▶ _WORK ITEM_: One number is the expected answer: the count of lines in the material below containing the word "assms".
*** Opening of INFORMATION ***
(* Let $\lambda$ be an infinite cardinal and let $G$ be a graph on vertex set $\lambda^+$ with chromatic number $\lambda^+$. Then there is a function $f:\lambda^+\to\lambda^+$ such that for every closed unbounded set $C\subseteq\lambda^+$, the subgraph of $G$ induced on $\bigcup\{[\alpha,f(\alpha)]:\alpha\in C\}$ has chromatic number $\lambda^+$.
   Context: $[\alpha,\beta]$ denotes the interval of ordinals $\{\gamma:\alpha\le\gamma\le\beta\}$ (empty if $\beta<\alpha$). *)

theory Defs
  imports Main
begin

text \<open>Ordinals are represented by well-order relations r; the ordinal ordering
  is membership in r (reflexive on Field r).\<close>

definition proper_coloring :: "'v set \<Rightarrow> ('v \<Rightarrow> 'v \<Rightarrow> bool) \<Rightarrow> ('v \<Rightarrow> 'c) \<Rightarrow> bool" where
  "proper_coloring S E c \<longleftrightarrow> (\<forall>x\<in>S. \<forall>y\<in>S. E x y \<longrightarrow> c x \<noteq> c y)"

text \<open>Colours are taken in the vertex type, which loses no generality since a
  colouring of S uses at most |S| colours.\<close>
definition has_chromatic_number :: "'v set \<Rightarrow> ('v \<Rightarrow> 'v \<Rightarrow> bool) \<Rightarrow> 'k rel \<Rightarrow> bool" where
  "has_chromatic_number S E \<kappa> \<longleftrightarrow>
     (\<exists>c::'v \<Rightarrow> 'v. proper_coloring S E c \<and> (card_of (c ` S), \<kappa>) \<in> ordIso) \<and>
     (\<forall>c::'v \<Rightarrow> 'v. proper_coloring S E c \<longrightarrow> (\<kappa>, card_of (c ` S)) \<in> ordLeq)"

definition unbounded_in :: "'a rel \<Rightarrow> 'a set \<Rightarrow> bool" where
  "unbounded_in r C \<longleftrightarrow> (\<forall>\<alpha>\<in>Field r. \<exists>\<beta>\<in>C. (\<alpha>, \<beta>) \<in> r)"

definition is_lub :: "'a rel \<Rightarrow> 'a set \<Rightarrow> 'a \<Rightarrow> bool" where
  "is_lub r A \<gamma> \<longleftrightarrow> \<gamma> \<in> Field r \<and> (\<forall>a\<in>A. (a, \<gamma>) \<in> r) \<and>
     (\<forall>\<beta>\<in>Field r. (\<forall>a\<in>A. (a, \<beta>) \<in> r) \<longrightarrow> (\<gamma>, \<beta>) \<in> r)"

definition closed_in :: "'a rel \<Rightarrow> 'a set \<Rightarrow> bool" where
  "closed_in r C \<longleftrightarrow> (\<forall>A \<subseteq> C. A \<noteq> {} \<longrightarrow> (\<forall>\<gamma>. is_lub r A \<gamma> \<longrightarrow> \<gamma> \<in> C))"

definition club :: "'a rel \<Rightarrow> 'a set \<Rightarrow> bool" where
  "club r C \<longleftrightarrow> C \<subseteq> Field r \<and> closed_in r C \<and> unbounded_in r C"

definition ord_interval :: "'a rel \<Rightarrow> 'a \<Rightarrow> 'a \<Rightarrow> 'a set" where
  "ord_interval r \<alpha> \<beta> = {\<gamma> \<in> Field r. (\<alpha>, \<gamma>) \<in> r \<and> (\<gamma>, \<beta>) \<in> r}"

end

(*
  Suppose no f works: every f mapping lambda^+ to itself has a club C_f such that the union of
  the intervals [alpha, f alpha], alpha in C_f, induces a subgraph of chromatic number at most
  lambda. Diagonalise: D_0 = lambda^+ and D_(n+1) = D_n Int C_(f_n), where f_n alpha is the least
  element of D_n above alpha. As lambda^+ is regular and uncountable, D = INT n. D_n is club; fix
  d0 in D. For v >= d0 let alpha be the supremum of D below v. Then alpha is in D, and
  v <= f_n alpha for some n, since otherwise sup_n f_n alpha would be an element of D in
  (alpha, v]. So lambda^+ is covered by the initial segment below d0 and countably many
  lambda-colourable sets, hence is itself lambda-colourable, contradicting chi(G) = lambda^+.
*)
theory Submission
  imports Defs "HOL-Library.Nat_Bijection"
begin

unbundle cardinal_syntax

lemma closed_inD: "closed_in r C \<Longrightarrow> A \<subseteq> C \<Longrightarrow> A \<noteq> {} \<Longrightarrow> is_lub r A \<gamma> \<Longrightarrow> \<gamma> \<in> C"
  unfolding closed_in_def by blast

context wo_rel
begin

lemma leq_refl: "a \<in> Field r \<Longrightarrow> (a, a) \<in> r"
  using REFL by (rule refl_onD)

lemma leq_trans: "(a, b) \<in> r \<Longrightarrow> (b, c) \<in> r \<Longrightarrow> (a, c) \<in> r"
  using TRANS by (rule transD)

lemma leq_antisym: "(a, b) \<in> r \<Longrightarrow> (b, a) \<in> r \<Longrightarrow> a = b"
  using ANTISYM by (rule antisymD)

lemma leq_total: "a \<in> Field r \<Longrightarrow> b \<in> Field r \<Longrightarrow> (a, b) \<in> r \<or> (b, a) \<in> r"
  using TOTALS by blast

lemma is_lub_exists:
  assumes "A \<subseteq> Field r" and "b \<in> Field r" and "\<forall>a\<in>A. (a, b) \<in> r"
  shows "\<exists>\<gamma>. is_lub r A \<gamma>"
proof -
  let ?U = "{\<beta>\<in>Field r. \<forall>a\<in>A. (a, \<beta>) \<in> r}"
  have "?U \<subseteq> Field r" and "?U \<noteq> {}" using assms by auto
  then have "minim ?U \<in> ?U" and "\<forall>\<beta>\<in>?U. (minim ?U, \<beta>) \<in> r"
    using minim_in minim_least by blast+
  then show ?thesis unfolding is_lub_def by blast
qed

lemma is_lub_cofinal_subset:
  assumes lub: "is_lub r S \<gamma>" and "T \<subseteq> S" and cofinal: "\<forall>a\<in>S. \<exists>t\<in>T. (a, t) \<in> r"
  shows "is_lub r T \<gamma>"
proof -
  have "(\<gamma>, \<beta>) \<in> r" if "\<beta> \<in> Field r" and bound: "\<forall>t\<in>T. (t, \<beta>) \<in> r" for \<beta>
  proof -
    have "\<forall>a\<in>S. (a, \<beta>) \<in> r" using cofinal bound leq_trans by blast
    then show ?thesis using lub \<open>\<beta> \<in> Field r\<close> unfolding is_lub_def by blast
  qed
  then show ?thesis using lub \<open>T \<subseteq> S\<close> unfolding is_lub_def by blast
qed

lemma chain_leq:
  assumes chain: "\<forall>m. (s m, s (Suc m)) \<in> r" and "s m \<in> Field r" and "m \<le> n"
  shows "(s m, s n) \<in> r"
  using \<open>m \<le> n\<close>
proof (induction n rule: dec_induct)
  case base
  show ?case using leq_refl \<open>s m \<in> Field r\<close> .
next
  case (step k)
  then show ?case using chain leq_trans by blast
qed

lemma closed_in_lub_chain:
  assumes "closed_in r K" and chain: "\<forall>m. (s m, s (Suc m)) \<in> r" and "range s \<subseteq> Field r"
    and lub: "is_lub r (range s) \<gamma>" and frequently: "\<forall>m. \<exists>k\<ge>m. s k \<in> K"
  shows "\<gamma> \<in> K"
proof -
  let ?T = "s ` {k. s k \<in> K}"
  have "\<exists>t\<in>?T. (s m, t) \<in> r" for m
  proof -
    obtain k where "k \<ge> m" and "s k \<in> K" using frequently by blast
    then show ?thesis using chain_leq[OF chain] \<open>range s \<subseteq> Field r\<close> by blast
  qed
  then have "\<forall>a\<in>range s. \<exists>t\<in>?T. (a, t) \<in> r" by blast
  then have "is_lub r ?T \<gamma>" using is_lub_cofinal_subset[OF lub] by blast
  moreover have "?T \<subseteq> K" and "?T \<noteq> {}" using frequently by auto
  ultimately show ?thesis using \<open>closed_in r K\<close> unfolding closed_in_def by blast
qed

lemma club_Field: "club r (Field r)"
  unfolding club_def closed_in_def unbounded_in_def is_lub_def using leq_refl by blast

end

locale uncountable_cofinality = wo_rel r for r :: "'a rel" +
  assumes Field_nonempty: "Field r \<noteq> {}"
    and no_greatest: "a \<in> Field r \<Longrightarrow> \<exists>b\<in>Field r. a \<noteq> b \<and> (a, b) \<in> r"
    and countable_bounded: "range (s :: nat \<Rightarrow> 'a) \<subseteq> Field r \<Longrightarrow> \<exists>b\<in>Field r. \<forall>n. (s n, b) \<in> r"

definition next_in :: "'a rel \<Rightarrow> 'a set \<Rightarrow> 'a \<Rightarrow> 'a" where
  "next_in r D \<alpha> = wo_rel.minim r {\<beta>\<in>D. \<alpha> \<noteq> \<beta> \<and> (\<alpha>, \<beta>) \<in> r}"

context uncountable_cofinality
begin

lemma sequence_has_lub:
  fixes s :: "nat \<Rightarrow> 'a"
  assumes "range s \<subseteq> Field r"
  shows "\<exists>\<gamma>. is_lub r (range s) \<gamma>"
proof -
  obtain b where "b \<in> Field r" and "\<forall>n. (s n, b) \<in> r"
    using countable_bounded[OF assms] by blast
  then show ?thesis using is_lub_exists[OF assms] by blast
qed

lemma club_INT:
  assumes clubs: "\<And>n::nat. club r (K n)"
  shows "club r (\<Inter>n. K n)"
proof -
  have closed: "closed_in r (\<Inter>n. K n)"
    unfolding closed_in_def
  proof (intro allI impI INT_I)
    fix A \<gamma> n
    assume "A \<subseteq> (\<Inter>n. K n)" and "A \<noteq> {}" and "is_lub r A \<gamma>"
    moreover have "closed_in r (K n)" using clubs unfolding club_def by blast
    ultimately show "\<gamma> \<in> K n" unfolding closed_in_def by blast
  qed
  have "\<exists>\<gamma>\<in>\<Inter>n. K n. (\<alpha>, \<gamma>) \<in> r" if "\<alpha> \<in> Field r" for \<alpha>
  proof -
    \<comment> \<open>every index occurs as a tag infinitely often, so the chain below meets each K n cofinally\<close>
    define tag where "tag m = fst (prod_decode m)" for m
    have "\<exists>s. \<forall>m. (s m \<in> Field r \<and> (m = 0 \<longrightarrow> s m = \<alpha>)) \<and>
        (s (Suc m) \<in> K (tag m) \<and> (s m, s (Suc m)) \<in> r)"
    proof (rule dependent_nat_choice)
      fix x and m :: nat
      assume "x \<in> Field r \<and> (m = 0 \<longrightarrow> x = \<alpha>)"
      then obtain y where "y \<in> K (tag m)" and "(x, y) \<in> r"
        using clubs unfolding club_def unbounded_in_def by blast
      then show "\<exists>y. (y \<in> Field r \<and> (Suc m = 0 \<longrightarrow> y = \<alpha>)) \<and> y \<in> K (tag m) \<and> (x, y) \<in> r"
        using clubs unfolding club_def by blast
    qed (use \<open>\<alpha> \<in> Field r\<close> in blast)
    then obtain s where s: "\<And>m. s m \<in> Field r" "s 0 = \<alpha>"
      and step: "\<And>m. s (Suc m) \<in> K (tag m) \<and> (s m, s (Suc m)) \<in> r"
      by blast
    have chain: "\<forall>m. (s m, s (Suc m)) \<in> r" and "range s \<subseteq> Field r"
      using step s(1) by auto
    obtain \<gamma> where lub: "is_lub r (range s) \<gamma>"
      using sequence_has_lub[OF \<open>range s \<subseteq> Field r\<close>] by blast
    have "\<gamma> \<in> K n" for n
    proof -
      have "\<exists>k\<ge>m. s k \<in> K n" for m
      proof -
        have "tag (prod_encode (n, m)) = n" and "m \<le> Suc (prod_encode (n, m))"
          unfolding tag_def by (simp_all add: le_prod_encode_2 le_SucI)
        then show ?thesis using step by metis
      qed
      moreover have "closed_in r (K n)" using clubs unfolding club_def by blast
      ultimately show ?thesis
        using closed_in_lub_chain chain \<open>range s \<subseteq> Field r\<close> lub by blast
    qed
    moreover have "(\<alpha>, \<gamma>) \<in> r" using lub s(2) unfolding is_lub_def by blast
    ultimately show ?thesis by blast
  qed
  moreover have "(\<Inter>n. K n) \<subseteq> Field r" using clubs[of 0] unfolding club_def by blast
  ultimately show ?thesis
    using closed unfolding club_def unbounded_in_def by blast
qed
*** Close of INFORMATION ***
▶ _RESPONSE AREA_: 3